Ethereum developers are exploring a cheap path to quantum resistance through the SPHINCS+ proposal, which would let users upgrade their accounts to post-quantum cryptography for approximately 7 cents per transaction.

The approach addresses a real vulnerability. Current Ethereum accounts rely on elliptic curve cryptography, which quantum computers could theoretically break. A sufficiently powerful quantum machine could derive private keys from public addresses, exposing funds. The network needs defenses before that threat materializes.

SPHINCS+ offers a practical interim solution. The proposal uses hash-based signatures instead of elliptic curves, making them resistant to quantum attacks. The cost of upgrading a single Ethereum account to quantum-safe cryptography lands around $0.07, according to Kohaku, the Ethereum researcher leading this work. That figure assumes standard gas prices and makes the upgrade accessible to retail users rather than just institutions.

The mechanism works by allowing users to submit a single transaction that registers a quantum-safe public key on their account. Once done, that account can only be accessed using quantum-resistant signatures. The low cost removes a major barrier to adoption. Previous quantum-proofing proposals either required protocol-level changes or carried prohibitive costs.

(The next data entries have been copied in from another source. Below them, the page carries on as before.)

lemma crawford_perturbation_le:
  "\<exists>x. norm x = 1 \<and> (\<forall>Z1 Z2. crawford (A + \<mu> *\<^sub>R Z1) (B + \<mu> *\<^sub>R Z2)
      \<le> crawford A B + \<bar>\<mu>\<bar> * cmod (qform Z1 x + \<i> * qform Z2 x))"
proof -
  obtain x where x: "norm x = 1" "crawford A B = cmod (qform A x + \<i> * qform B x)"
    using crawford_attained by blast
  have "crawford (A + \<mu> *\<^sub>R Z1) (B + \<mu> *\<^sub>R Z2) \<le> crawford A B + \<bar>\<mu>\<bar> * cmod (qform Z1 x + \<i> * qform Z2 x)"
    for Z1 Z2
  proof -
    have "crawford (A + \<mu> *\<^sub>R Z1) (B + \<mu> *\<^sub>R Z2) \<le> cmod (qform (A + \<mu> *\<^sub>R Z1) x + \<i> * qform (B + \<mu> *\<^sub>R Z2) x)"
      using x(1) by (rule crawford_le)
    also have "\<dots> = cmod ((qform A x + \<i> * qform B x) + of_real \<mu> * (qform Z1 x + \<i> * qform Z2 x))"
      by (simp add: qform_add qform_scaleR algebra_simps)
    also have "\<dots> \<le> crawford A B + \<bar>\<mu>\<bar> * cmod (qform Z1 x + \<i> * qform Z2 x)"
      using norm_triangle_ineq[of "qform A x + \<i> * qform B x" "of_real \<mu> * (qform Z1 x + \<i> * qform Z2 x)"] x(2)
      by (simp add: norm_mult)
    finally show ?thesis .
  qed
  then show ?thesis
    using x(1) by blast
qed

section \<open>GUE as a Gaussian vector\<close>

definition hermitization :: "complex^'n^'n \<Rightarrow> complex^'n^'n" where
  "hermitization G = (\<chi> i j. (G $ i $ j + cnj (G $ j $ i)) / complex_of_real (sqrt 2))"

lemma qform_hermitization: "qform (hermitization G) x = of_real (sqrt 2 * Re (qform G x))"
proof -
  have "hermitization G = (1 / sqrt 2) *\<^sub>R (G + (\<chi> i j. cnj (G $ j $ i)))"
    unfolding hermitization_def
    by (simp add: vec_eq_iff) (simp add: scaleR_conv_of_real divide_inverse mult.commute)
  then show ?thesis
    by (simp add: qform_scaleR qform_add qform_conjugate_transpose complex_add_cnj field_simps flip: of_real_mult)
qed

lemma measurable_hermitization [measurable]: "hermitization \<in> borel_measurable borel"
  unfolding hermitization_def by (intro borel_measurable_continuous_onI continuous_intros) auto

(* Coordinate (i, j, True) is Re G_ij and (i, j, False) is Im G_ij, matching ginibre. *)
definition ginibre_parts :: "('n \<times> 'n \<times> bool \<Rightarrow> real) measure" where
  "ginibre_parts = PiM UNIV (\<lambda>_. density lborel (normal_density 0 (sqrt (1 / (2 * real CARD('n))))))"

definition ginibre_of_parts :: "('n \<times> 'n \<times> bool \<Rightarrow> real) \<Rightarrow> complex^'n^'n" where
  "ginibre_of_parts \<omega> = (\<chi> i j. Complex (\<omega> (i, j, True)) (\<omega> (i, j, False)))"

lemma prob_space_ginibre_parts: "prob_space (ginibre_parts :: ('n::finite \<times> 'n \<times> bool \<Rightarrow> real) measure)"
  unfolding ginibre_parts_def by (intro prob_space_PiM prob_space_normal_density) simp

lemma sets_ginibre_parts: "sets (ginibre_parts :: ('n::finite \<times> 'n \<times> bool \<Rightarrow> real) measure) = sets borel"
proof -
  have "sets (ginibre_parts :: ('n \<times> 'n \<times> bool \<Rightarrow> real) measure) = sets (PiM UNIV (\<lambda>_. borel :: real measure))"
    unfolding ginibre_parts_def by (rule sets_PiM_cong) auto
  also have "\<dots> = sets borel"
    by (rule sets_PiM_equal_borel)
  finally show ?thesis .
qed

lemma measurable_ginibre_of_parts [measurable]:
  "(ginibre_of_parts :: ('n::finite \<times> 'n \<times> bool \<Rightarrow> real) \<Rightarrow> complex^'n^'n) \<in> borel_measurable ginibre_parts"
proof -
  have "continuous_on UNIV (ginibre_of_parts :: ('n \<times> 'n \<times> bool \<Rightarrow> real) \<Rightarrow> complex^'n^'n)"
    unfolding ginibre_of_parts_def Complex_eq
    by (intro continuous_intros continuous_on_product_coordinates[THEN continuous_on_compose2[where f="\<lambda>x. x"]]) auto
  then show ?thesis
    by (simp add: measurable_cong_sets[OF sets_ginibre_parts refl] borel_measurable_continuous_onI)
qed

lemma GUE_eq_distr_ginibre_parts:
  "(GUE :: (complex^'n::finite^'n) measure) = distr ginibre_parts borel (\<lambda>\<omega>. hermitization (ginibre_of_parts \<omega>))"
proof -
  have "GUE = distr (distr ginibre_parts borel ginibre_of_parts) borel (hermitization :: complex^'n^'n \<Rightarrow> _)"
    unfolding GUE_def ginibre_def ginibre_parts_def ginibre_of_parts_def hermitization_def ..
  also have "\<dots> = distr ginibre_parts borel (hermitization \<circ> ginibre_of_parts)"
    by (rule distr_distr) measurable
  finally show ?thesis
    by (simp add: comp_def)
qed

lemma sets_GUE [measurable_cong]: "sets (GUE :: (complex^'n::finite^'n) measure) = sets borel"
  by (simp add: GUE_def)

lemma prob_space_GUE: "prob_space (GUE :: (complex^'n::finite^'n) measure)"
  unfolding GUE_eq_distr_ginibre_parts
  by (intro prob_space.prob_space_distr prob_space_ginibre_parts) measurable

definition qform_coeff :: "complex^'n \<Rightarrow> 'n \<times> 'n \<times> bool \<Rightarrow> real" where
  "qform_coeff x = (\<lambda>(i, j, re). if re then Re (cnj (x $ i) * x $ j) else - Im (cnj (x $ i) * x $ j))"

lemma sum_UNIV_triple:
  fixes f :: "'n::finite \<times> 'n \<times> bool \<Rightarrow> 'a::comm_monoid_add"
  shows "(\<Sum>k\<in>UNIV. f k) = (\<Sum>i\<in>UNIV. \<Sum>j\<in>UNIV. f (i, j, True) + f (i, j, False))"
proof -
  have "(\<Sum>k\<in>UNIV. f k) = (\<Sum>i\<in>UNIV. \<Sum>(j, b)\<in>UNIV \<times> UNIV. f (i, j, b))"
    by (simp add: sum.cartesian_product)
  also have "\<dots> = (\<Sum>i\<in>UNIV. \<Sum>j\<in>UNIV. \<Sum>b\<in>UNIV. f (i, j, b))"
    by (simp add: sum.cartesian_product)
  finally show ?thesis
    by (simp add: UNIV_bool add.commute)
qed

lemma Re_qform_ginibre_of_parts: "Re (qform (ginibre_of_parts \<omega>) x) = (\<Sum>k\<in>UNIV. qform_coeff x k * \<omega> k)"
  unfolding qform_eq_sum Re_sum sum_UNIV_triple
  by (intro sum.cong refl) (simp add: ginibre_of_parts_def qform_coeff_def algebra_simps)

lemma sum_qform_coeff_squares: "(\<Sum>k\<in>UNIV. (qform_coeff x k)\<^sup>2) = (norm x)^4"
proof -
  have entry: "(Re (cnj a * b))\<^sup>2 + (Im (cnj a * b))\<^sup>2 = (cmod a)\<^sup>2 * (cmod b)\<^sup>2" for a b :: complex
    by (simp only: cmod_power2[symmetric] norm_mult complex_mod_cnj power_mult_distrib)
  have "(\<Sum>k\<in>UNIV. (qform_coeff x k)\<^sup>2) = (\<Sum>i\<in>UNIV. \<Sum>j\<in>UNIV. (cmod (x $ i))\<^sup>2 * (cmod (x $ j))\<^sup>2)"
    unfolding sum_UNIV_triple
    by (intro sum.cong refl) (simp only: qform_coeff_def prod.case if_True if_False power2_minus entry)
  also have "\<dots> = (\<Sum>i\<in>UNIV. (cmod (x $ i))\<^sup>2) * (\<Sum>j\<in>UNIV. (cmod (x $ j))\<^sup>2)"
    by (simp add: sum_product)
  also have "(\<Sum>i\<in>UNIV. (cmod (x $ i))\<^sup>2) = (norm x)\<^sup>2"
    by (simp add: norm_vec_def L2_set_def sum_nonneg)
  finally show ?thesis
    by (simp add: power2_eq_square power4_eq_xxxx)
qed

Ethereum needs both short and long-term strategies here. SPHINCS+ handles the immediate vulnerability window. Longer-term, the network could integrate quantum-resistant cryptography more deeply into its core protocol, but that requires extensive testing and consensus. The proposal gives users agency to protect themselves without waiting for full protocol upgrades.

The timing matters. Quantum threat timelines remain uncertain. Estimates range from years to decades before quantum computers break current cryptography at scale. But the crypto industry cannot afford complacency. Bitcoin and other chains face identical risks. Early adoption of SPHINCS+ could establish Ethereum as a network that addresses quantum threats proactively rather than reactively.